I had a new thought. It’s theoretically possible that differences are caused by learning bots which generalize across opponents. Tscmoo and MegaBot are both learning bots (I verified it: they both wrote stuff to their learning files) and both seem as though they might be able to generalize across opponents. (Overkill is a learning bot but does not generalize.) So my original claim is not 100% true: The qualifiers don’t entirely duplicate the final in the presence of learning bots which generalize across opponents.
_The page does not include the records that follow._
lemma left_vec_erase:
  assumes "j < n" "n \<le> a"
  shows "left_vec n (copy_erase_mat n) \<alpha> (w @ [a]) j =
    (if j = a - n then 0 else left_vec n (copy_erase_mat n) \<alpha> w j)"
proof -
  have "copy_erase_mat n a k j = (if j = a - n then 0 else (if k = j then 1 else 0))" for k
    using assms by (simp add: copy_erase_mat_def)
  then show ?thesis
    using assms by (simp add: left_vec_snoc sum_mult_delta)
qed

lemma left_vec_copy_erase_01:
  "j < n \<Longrightarrow> left_vec n (copy_erase_mat n) (\<lambda>_. 1) w j \<in> {0, 1}"
proof (induction w arbitrary: j rule: rev_induct)
  case (snoc a w)
  then show ?case
    by (cases "a < n") (simp_all add: left_vec_copy left_vec_erase)
qed (simp add: left_vec_Nil)

lemma left_vec_erase_letters:
  "j < n \<Longrightarrow>
    left_vec n (copy_erase_mat n) (\<lambda>_. 1) (map ((+) n) ks) j = (if j \<in> set ks then 0 else 1)"
proof (induction ks arbitrary: j rule: rev_induct)
  case (snoc k ks)
  then show ?case by (simp add: left_vec_erase)
qed (simp add: left_vec_Nil)

lemma wa_weight_copy_erase:
  assumes "0 < n"
  shows "wa_weight n (copy_erase_mat n) \<alpha> (\<lambda>j. if j = 0 then 1 else 0) w =
    left_vec n (copy_erase_mat n) \<alpha> w 0"
  using assms by (simp add: wa_weight_eq_left_vec sum_mult_delta)

lemma copy_erase_is_IFA:
  assumes "0 < n"
  shows "is_IFA \<Sigma> n (copy_erase_mat n) (\<lambda>_. 1) (\<lambda>j. if j = 0 then 1 else 0)"
  unfolding is_IFA_def wa_weight_copy_erase[OF assms] using left_vec_copy_erase_01 assms by blast

lemma copy_erase_DFA_card_ge:
  assumes n: "0 < n" and dfa: "is_DFA {..<2 * n} S \<delta> s0 F"
    and lang: "DFA_lang {..<2 * n} \<delta> s0 F =
      IFA_lang {..<2 * n} n (copy_erase_mat n) (\<lambda>_. 1) (\<lambda>j. if j = 0 then 1 else 0)"
  shows "2 ^ n \<le> card S"
proof -
  define \<Sigma> :: "nat set" where "\<Sigma> = {..<2 * n}"
  define reach where "reach T = map ((+) n) (sorted_list_of_set ({..<n} - T))" for T
  have reach_word: "reach T \<in> lists \<Sigma>" for T
    unfolding reach_def \<Sigma>_def by auto
  have accepts: "reach T @ [k] \<in> DFA_lang \<Sigma> \<delta> s0 F \<longleftrightarrow> k \<in> T" if "k < n" for T k
  proof -
    have "reach T @ [k] \<in> lists \<Sigma>"
      using reach_word that unfolding \<Sigma>_def by simp
    moreover have "left_vec n (copy_erase_mat n) (\<lambda>_. 1) (reach T) k = (if k \<in> T then 1 else 0)"
      unfolding reach_def using left_vec_erase_letters that by simp
    ultimately show ?thesis
      using that n unfolding lang \<Sigma>_def IFA_lang_def
      by (simp add: wa_weight_copy_erase left_vec_copy)
  qed
  have "card (Pow {..<n}) \<le> card S"
  proof (rule DFA_card_ge_separated_words[OF dfa[folded \<Sigma>_def]])
    show "reach T \<in> lists \<Sigma>" for T
      by (rule reach_word)
    fix T T' assume "T \<in> Pow {..<n}" "T' \<in> Pow {..<n}" "T \<noteq> T'"
    then obtain k where "k < n" "k \<in> T \<longleftrightarrow> k \<notin> T'"
      by blast
    then show "\<exists>x \<in> lists \<Sigma>.
        (reach T @ x \<in> DFA_lang \<Sigma> \<delta> s0 F) \<noteq> (reach T' @ x \<in> DFA_lang \<Sigma> \<delta> s0 F)"
      using accepts unfolding \<Sigma>_def by (intro bexI[of _ "[k]"]) auto
  qed
  then show ?thesis
    by (simp add: card_Pow)
qed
Alternately, there could have been a problem with a big effect on that pairing (such as a bug in MegaBot related to its learning, an example which is equivalent to mis-generalizing across opponents). We have the source and the replays, so a sufficiently deep dig should turn up the issue if it is in the bots. There’s a chance that the issue is with the tournament operations, or with my script.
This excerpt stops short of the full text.